▸ WORK REQUIRED
Return only the lines from the one containing "real^('m::finite)) \<Rightarrow> ('m" to the end of the entries below, exactly as written, both ends included.

*** Opening of WORKING DATA ***

(* Consider the problem $\min_{x\in\mathbb{R}^n}\max_{y\in\Delta}F(x)^Ty$ and suppose Assumption A and the strict complementarity assumption hold. Let $\{(x^t,y^t,z^t)\}$ be generated by Smoothed-GDA with parameters $c>0$, $\alpha>0$, $p>L$, $0<\beta\le1$, and suppose there is $R>0$ with $\|z^t\|\le R$. Then there exist $\delta>0$ and $\sigma_5>0$ such that whenever $$\max\{\|x^t-x^{t+1}\|,\ \|y^t-y^t_+(z^t)\|,\ \|x^{t+1}-z^t\|\}\le\delta,$$ we have $\|x(y^t_+(z^t),z^t)-x^*(z^t)\|\le\sigma_5\|y^t-y^t_+(z^t)\|$.
   Context: $F(x)=(f_1(x),\dots,f_m(x))^T$ smooth $\mathbb{R}^n\to\mathbb{R}^m$, $\Delta$ the probability simplex in $\mathbb{R}^m$, $f(x,y)=F(x)^Ty$. Assumption A: $\nabla_xf,\nabla_yf$ are $L$-Lipschitz ($L>0$) and $\max_if_i(x)$ is bounded below. KKT system for $(x^*,y^* )$ with multipliers $\mu,\nu$: $\sum_iy_i^*\nabla f_i(x^* )=0$, $\sum_iy_i^*=1$, $y_i^*\ge0$, $\mu-\nu_i=f_i(x^* )$, $\nu_i\ge0$, $\nu_iy_i^*=0$. Strict complementarity: every solution of the KKT system has $\nu_i>0$ whenever $y_i^*=0$. $K(x,z;y)=f(x,y)+\frac p2\|x-z\|^2$; $x(y,z)=\arg\min_{x}K(x,z;y)$; $x^*(z)=\arg\min_x\max_{y\in\Delta}K(x,z;y)$. Smoothed-GDA: $x^{t+1}=x^t-c\nabla_xK(x^t,z^t;y^t)$, $y^{t+1}=P_\Delta(y^t+\alpha\nabla_yK(x^{t+1},z^t;y^t))$, $z^{t+1}=z^t+\beta(x^{t+1}-z^t)$, with $P_\Delta$ Euclidean projection; $y^t_+(z^t)=P_\Delta(y^t+\alpha\nabla_yK(x(y^t,z^t),z^t;y^t))$. The constants $\delta,\sigma_5$ do not depend on $t$. *)

theory Defs
  imports "HOL-Analysis.Analysis"
begin

text \<open>Vectors: x in R^n is real^'n, y in R^m is real^'m. F :: real^'n => real^'m,
  f_i(x) = F x $ i. The gradient of f_i is given explicitly as G i.\<close>

definition prob_simplex :: "(real^('m::finite)) set" where
  "prob_simplex = {y. (\<forall>i. 0 \<le> y $ i) \<and> (\<Sum>i\<in>UNIV. y $ i) = 1}"

definition projS :: "real^'m \<Rightarrow> real^'m" where
  "projS v = closest_point prob_simplex v"

definition fxy :: "(real^'n \<Rightarrow> real^'m) \<Rightarrow> real^'n \<Rightarrow> real^'m \<Rightarrow> real" where
  "fxy F x y = F x \<bullet> y"

definition Kfun :: "(real^'n \<Rightarrow> real^'m) \<Rightarrow> real \<Rightarrow> real^'n \<Rightarrow> real^'n \<Rightarrow> real^'m \<Rightarrow> real" where
  "Kfun F p x z y = fxy F x y + p / 2 * (norm (x - z))\<^sup>2"

definition gradx_f :: "('m \<Rightarrow> real^'n \<Rightarrow> real^'n) \<Rightarrow> real^'n \<Rightarrow> real^'m \<Rightarrow> real^'n" where
  "gradx_f G x y = (\<Sum>i\<in>UNIV. (y $ i) *\<^sub>R G i x)"

definition grady_f :: "(real^'n \<Rightarrow> real^'m) \<Rightarrow> real^'n \<Rightarrow> real^'m \<Rightarrow> real^'m" where
  "grady_f F x y = F x"

definition gradx_K :: "('m \<Rightarrow> real^'n \<Rightarrow> real^'n) \<Rightarrow> real \<Rightarrow> real^'n \<Rightarrow> real^'n \<Rightarrow> real^'m \<Rightarrow> real^'n" where
  "gradx_K G p x z y = gradx_f G x y + p *\<^sub>R (x - z)"

definition grady_K :: "(real^'n \<Rightarrow> real^'m) \<Rightarrow> real \<Rightarrow> real^'n \<Rightarrow> real^'n \<Rightarrow> real^'m \<Rightarrow> real^'m" where
  "grady_K F p x z y = grady_f F x y"

definition xmin :: "(real^'n \<Rightarrow> real^'m) \<Rightarrow> real \<Rightarrow> real^'m \<Rightarrow> real^'n \<Rightarrow> real^'n" where
  "xmin F p y z = (THE x. \<forall>x'. Kfun F p x z y \<le> Kfun F p x' z y)"

definition xstar :: "(real^'n \<Rightarrow> real^'m) \<Rightarrow> real \<Rightarrow> real^'n \<Rightarrow> real^'n" where
  "xstar F p z = (THE x. \<forall>x'. (SUP y\<in>prob_simplex. Kfun F p x z y) \<le> (SUP y\<in>prob_simplex. Kfun F p x' z y))"

definition KKT :: "(real^'n \<Rightarrow> real^'m) \<Rightarrow> ('m \<Rightarrow> real^'n \<Rightarrow> real^'n) \<Rightarrow> real^'n \<Rightarrow> real^'m \<Rightarrow> real \<Rightarrow> real^'m \<Rightarrow> bool" where
  "KKT F G xs ys mu nu \<longleftrightarrow>
     (\<Sum>i\<in>UNIV. (ys $ i) *\<^sub>R G i xs) = 0 \<and> (\<Sum>i\<in>UNIV. ys $ i) = 1 \<and> (\<forall>i. 0 \<le> ys $ i) \<and>
     (\<forall>i. mu - nu $ i = F xs $ i) \<and> (\<forall>i. 0 \<le> nu $ i) \<and> (\<forall>i. nu $ i * ys $ i = 0)"

definition strict_complementarity :: "(real^'n \<Rightarrow> real^('m::finite)) \<Rightarrow> ('m \<Rightarrow> real^'n \<Rightarrow> real^'n) \<Rightarrow> bool" where
  "strict_complementarity F G \<longleftrightarrow>
     (\<forall>xs ys mu nu. KKT F G xs ys mu nu \<longrightarrow> (\<forall>i. ys $ i = 0 \<longrightarrow> nu $ i > 0))"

*** Close of WORKING DATA ***

▸ OUTPUT FOR THIS TASK
definition strict_complementarity :: "(real^'n \<Rightarrow> real^('m::finite)) \<Rightarrow> ('m \<Rightarrow> real^'n \<Rightarrow> real^'n) \<Rightarrow> bool" where
  "strict_complementarity F G \<longleftrightarrow>
     (\<forall>xs ys mu nu. KKT F G xs ys mu nu \<longrightarrow> (\<forall>i. ys $ i = 0 \<longrightarrow> nu $ i > 0))"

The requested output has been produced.